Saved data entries
(* Let $W$ be a subset of a metric space $(X,d)$ and suppose that the density $\operatorname{den}(W)$ is a cardinal of uncountable cofinality. Then there exists $\varepsilon_0>0$ such that for all $\varepsilon\in\,]0,\varepsilon_0[$, $$\hat{\mathcal N}^X_\varepsilon(W)=\hat{\mathcal N}_\varepsilon(W)=\hat{\mathcal M}_\varepsilon(W)=\mathcal M^*_\varepsilon(W)=\operatorname{den}(W).$$
   Context: $\operatorname{den}(W)$ is the minimal cardinality of a dense subset of the metric subspace $W$. The cofinality of a cardinal (initial ordinal) $\beta$ is the least ordinal $\alpha$ admitting a strictly increasing map $f:\alpha\to\beta$ whose range is cofinal in $\beta$. Closed balls: $B(c,r)=\{x:d(x,c)\le r\}$; $C$ is an $\varepsilon$-net for $W$ if $W\subseteq\bigcup_{c\in C}B(c,\varepsilon)$; $A$ is $\varepsilon$-distinguishable if $d(x,y)>\varepsilon$ for distinct $x,y\in A$. $\hat{\mathcal N}^A_\varepsilon(W)$ is the minimal cardinality of an $\varepsilon$-net $C\subseteq A$ for $W$; $\hat{\mathcal N}_\varepsilon(W):=\hat{\mathcal N}^W_\varepsilon(W)$; $\hat{\mathcal M}_\varepsilon(W)$ is the smallest cardinality of an $\varepsilon$-distinguishable $A\subseteq W$ that is maximal under inclusion among $\varepsilon$-distinguishable subsets of $W$; $\mathcal M^*_\varepsilon(W)$ is the smallest cardinal $\ge\operatorname{card}(A)$ for every $\varepsilon$-distinguishable $A\subseteq W$. *)

theory Defs
  imports "HOL-Analysis.Analysis"
begin

text \<open>Cardinals are represented by cardinal well-orders card_of (written with bars)
  on sets; equality of cardinals is =o. The metric space X is the whole type 'a.\<close>

definition min_card :: "('a set \<Rightarrow> bool) \<Rightarrow> 'a rel" where
  "min_card P = card_of (SOME C. P C \<and> (\<forall>C'. P C' \<longrightarrow> ordLeq3 (card_of C) (card_of C')))"

definition is_dense_in :: "'a::metric_space set \<Rightarrow> 'a set \<Rightarrow> bool" where
  "is_dense_in D W \<longleftrightarrow> D \<subseteq> W \<and> W \<subseteq> closure D"

definition den :: "'a::metric_space set \<Rightarrow> 'a rel" where
  "den W = min_card (\<lambda>D. is_dense_in D W)"

definition uncountable_cof :: "'a rel \<Rightarrow> bool" where
  "uncountable_cof r \<longleftrightarrow>
     (\<forall>K. K \<subseteq> Field r \<and> countable K \<longrightarrow> (\<exists>a\<in>Field r. \<forall>b\<in>K. b \<noteq> a \<and> (b, a) \<in> r))"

◆ Assigned task: From the records given above, copy all lines containing "that".

◆ Solved exercise:
(* Let $W$ be a subset of a metric space $(X,d)$ and suppose that the density $\operatorname{den}(W)$ is a cardinal of uncountable cofinality. Then there exists $\varepsilon_0>0$ such that for all $\varepsilon\in\,]0,\varepsilon_0[$, $$\hat{\mathcal N}^X_\varepsilon(W)=\hat{\mathcal N}_\varepsilon(W)=\hat{\mathcal M}_\varepsilon(W)=\mathcal M^*_\varepsilon(W)=\operatorname{den}(W).$$
   Context: $\operatorname{den}(W)$ is the minimal cardinality of a dense subset of the metric subspace $W$. The cofinality of a cardinal (initial ordinal) $\beta$ is the least ordinal $\alpha$ admitting a strictly increasing map $f:\alpha\to\beta$ whose range is cofinal in $\beta$. Closed balls: $B(c,r)=\{x:d(x,c)\le r\}$; $C$ is an $\varepsilon$-net for $W$ if $W\subseteq\bigcup_{c\in C}B(c,\varepsilon)$; $A$ is $\varepsilon$-distinguishable if $d(x,y)>\varepsilon$ for distinct $x,y\in A$. $\hat{\mathcal N}^A_\varepsilon(W)$ is the minimal cardinality of an $\varepsilon$-net $C\subseteq A$ for $W$; $\hat{\mathcal N}_\varepsilon(W):=\hat{\mathcal N}^W_\varepsilon(W)$; $\hat{\mathcal M}_\varepsilon(W)$ is the smallest cardinality of an $\varepsilon$-distinguishable $A\subseteq W$ that is maximal under inclusion among $\varepsilon$-distinguishable subsets of $W$; $\mathcal M^*_\varepsilon(W)$ is the smallest cardinal $\ge\operatorname{card}(A)$ for every $\varepsilon$-distinguishable $A\subseteq W$. *)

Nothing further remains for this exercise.